Executive with Oklahoma City-Based Chesapeake Energy Corp.: Outlook for Natural Gas Strong

By Tuttle, D Ray | THE JOURNAL RECORD, May 19, 2011 | Go to article overview

Executive with Oklahoma City-Based Chesapeake Energy Corp.: Outlook for Natural Gas Strong


Tuttle, D Ray, THE JOURNAL RECORD


There are many reasons to be bullish on intermediate and long- term demand for natural gas, said an executive with Oklahoma City- based Chesapeake Energy Corp.

"The natural gas landscape is changing," said Domenic Dell'Osso Jr., executive vice president and chief financial officer of Chesapeake.

Dell'Osso was the luncheon speaker at the fifth-annual Oklahoma State University Energy Conference at the Tulsa Renaissance Hotel and Convention Center.

Among the speakers during the daylong conference was Dana Murphy, chair of the Oklahoma Corporation Commission. Murphy offered an Oklahoma perspective to the national energy outlook and addressed domestic energy and shale.
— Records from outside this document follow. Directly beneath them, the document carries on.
(* Let $(X,d)$ be a metric space and let $T:X\to X$ be a CJMP-contraction. Let $\varepsilon>0$ and let $\delta=\delta(\varepsilon)>0$ be such that for all $x,y\in X$, $\varepsilon<d(x,y)<\varepsilon+\delta$ implies $d(Tx,Ty)\le\varepsilon$. If $x,y,z\in X$ satisfy $d(x,y)<\delta$ and $d(y,z)\le\varepsilon$, then $d(Tx,Tz)\le\varepsilon$.
   Context: A map $T:X\to X$ on a metric space $(X,d)$ is contractive if $d(Tx,Ty)<d(x,y)$ for all $x,y\in X$ with $x\neq y$. $T$ is a CJMP-contraction if (a) $T$ is contractive, and (b) for every $\varepsilon>0$ there exists $\delta=\delta(\varepsilon)>0$ such that for all $x,y\in X$, $\varepsilon<d(x,y)<\varepsilon+\delta$ implies $d(Tx,Ty)\le\varepsilon$. *)

theory Defs
  imports "HOL-Analysis.Analysis"
begin

definition contractive :: "('a::metric_space \<Rightarrow> 'a) \<Rightarrow> bool" where
  "contractive T \<longleftrightarrow> (\<forall>x y. x \<noteq> y \<longrightarrow> dist (T x) (T y) < dist x y)"

definition CJMP_contraction :: "('a::metric_space \<Rightarrow> 'a) \<Rightarrow> bool" where
  "CJMP_contraction T \<longleftrightarrow> contractive T \<and>
     (\<forall>\<epsilon>>0. \<exists>\<delta>>0. \<forall>x y. \<epsilon> < dist x y \<and> dist x y < \<epsilon> + \<delta> \<longrightarrow> dist (T x) (T y) \<le> \<epsilon>)"

end

theory Submission
  imports Defs
begin

lemma contractive_imp_dist_le:
  assumes "contractive T"
  shows "dist (T x) (T y) \<le> dist x y"
  using assms by (cases "x = y") (auto simp: contractive_def less_imp_le)

lemma CJMP_contraction_imp_contractive: "CJMP_contraction T \<Longrightarrow> contractive T"
  by (simp add: CJMP_contraction_def)

theorem mainTheorem1:
  fixes T :: "'a::metric_space \<Rightarrow> 'a" and \<epsilon> \<delta> :: real and x y z :: 'a
  assumes "CJMP_contraction T"
    and "\<epsilon> > 0" and "\<delta> > 0"
    and "\<forall>u v. \<epsilon> < dist u v \<and> dist u v < \<epsilon> + \<delta> \<longrightarrow> dist (T u) (T v) \<le> \<epsilon>"
    and "dist x y < \<delta>" and "dist y z \<le> \<epsilon>"
  shows "dist (T x) (T z) \<le> \<epsilon>"
proof (cases "\<epsilon> < dist x z")
  case True
  have "dist x z < \<epsilon> + \<delta>"
    using dist_triangle[of x z y] assms(5,6) by linarith
  with True assms(4) show ?thesis by blast
next
  case False
  have "dist (T x) (T z) \<le> dist x z"
    using assms(1) by (intro contractive_imp_dist_le CJMP_contraction_imp_contractive)
  with False show ?thesis by linarith
qed

end
(* Let $n\ge 1$ and let $\Omega=\bigoplus_{j=1}^{n}\begin{pmatrix}0&1\\-1&0\end{pmatrix}$. Let $\sigma$ be a real symmetric $2n\times 2n$ matrix satisfying $\sigma+i\Omega\ge 0$ (i.e. $\sigma$ is an $n$-mode covariance matrix). Let $\lambda^{\uparrow}_1\le\lambda^{\uparrow}_2\le\dots\le\lambda^{\uparrow}_{2n}$ be the eigenvalues of $\sigma$ in increasing order and $\lambda^{\downarrow}_1\ge\lambda^{\downarrow}_2\ge\dots\ge\lambda^{\downarrow}_{2n}$ the same eigenvalues in decreasing order. Then $$\lambda^{\uparrow}_j\,\lambda^{\downarrow}_j\ge 1\qquad\text{for all }1\le j\le n.$$
   Context: For a system of $n$ bosonic modes with canonical operators $\hat{\mathbf R}=(\hat x_1,\hat p_1,\dots,\hat x_n,\hat p_n)^{\sf T}$ obeying $[\hat R_j,\hat R_k]=i\Omega_{jk}$, the covariance matrix (CM) of a state $\varrho$ is $\sigma_{jk}=\mathrm{Tr}(\{\hat R_j,\hat R_k\}\varrho)-2\mathrm{Tr}(\hat R_j\varrho)\mathrm{Tr}(\hat R_k\varrho)$; a real symmetric matrix is a CM of a physical state iff $\sigma+i\Omega\ge0$ (Robertson–Schrödinger uncertainty relation). *)

theory Defs
  imports "Jordan_Normal_Form.Matrix" "Jordan_Normal_Form.Char_Poly" "Jordan_Normal_Form.Conjugate"
    "HOL-Computational_Algebra.Polynomial" "HOL-Library.Multiset"
begin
Meanwhile, Don Humphreys, senior vice president and treasurer of ExxonMobil, offered a long-range energy outlook view to 2030.

There is a quickening momentum for compressed natural gas vehicles, Dell'Osso said.

Chesapeake, which this year announced it was converting its entire fleet to CNG as a motor fuel, has opened several CNG stations across the Oklahoma City metro, he said.

"U.S. companies are looking for options, and with $4 gasoline and just as high diesel prices, that forces the markets to force policy changes," Dell'Osso said.

The demand for natural gas is also fueled by a growing industrial demand, he said.

"U.S. natural gas prices are the lowest in the industrialized world," Dell'Osso said. "This is accelerating the shift from coal to natural gas for U.S. electrical generation."

The U.S. does not import natural gas and exports small amounts, Dell'Osso said.

"The U.S. suffers from the fact that we are a gas island," he said. "We do not import natural gas, while we export relatively small quantities."

It's possible that over the next decade, the U.S. could see a conversion of U.S. liquefaction import facilities to liquefied natural gas export facilities, Dell'Osso said.

"That could be a game changer," he said. "Since we are not connected to world gas prices, once we begin exporting gas, it would close the price differential between the U.S. and the gas prices around the globe."

Other factors pushing CNG as an alternative fuel include cheaper costs to fill a CNG tank compared to gasoline and versatility of CNG - it can be used in everything from drilling rigs to off-road vehicles or as a marine fuel, Dell'Osso said.

The cost for 1,000 cubic feet of CNG is listed near $1.40, while a gallon of gasoline is about $3.66 and diesel is close to $4 a gallon.

The amount of natural gas produced from shale formations is contributing to a substantial cost benefit for industry and a broad range of consumers, Dell'Osso said.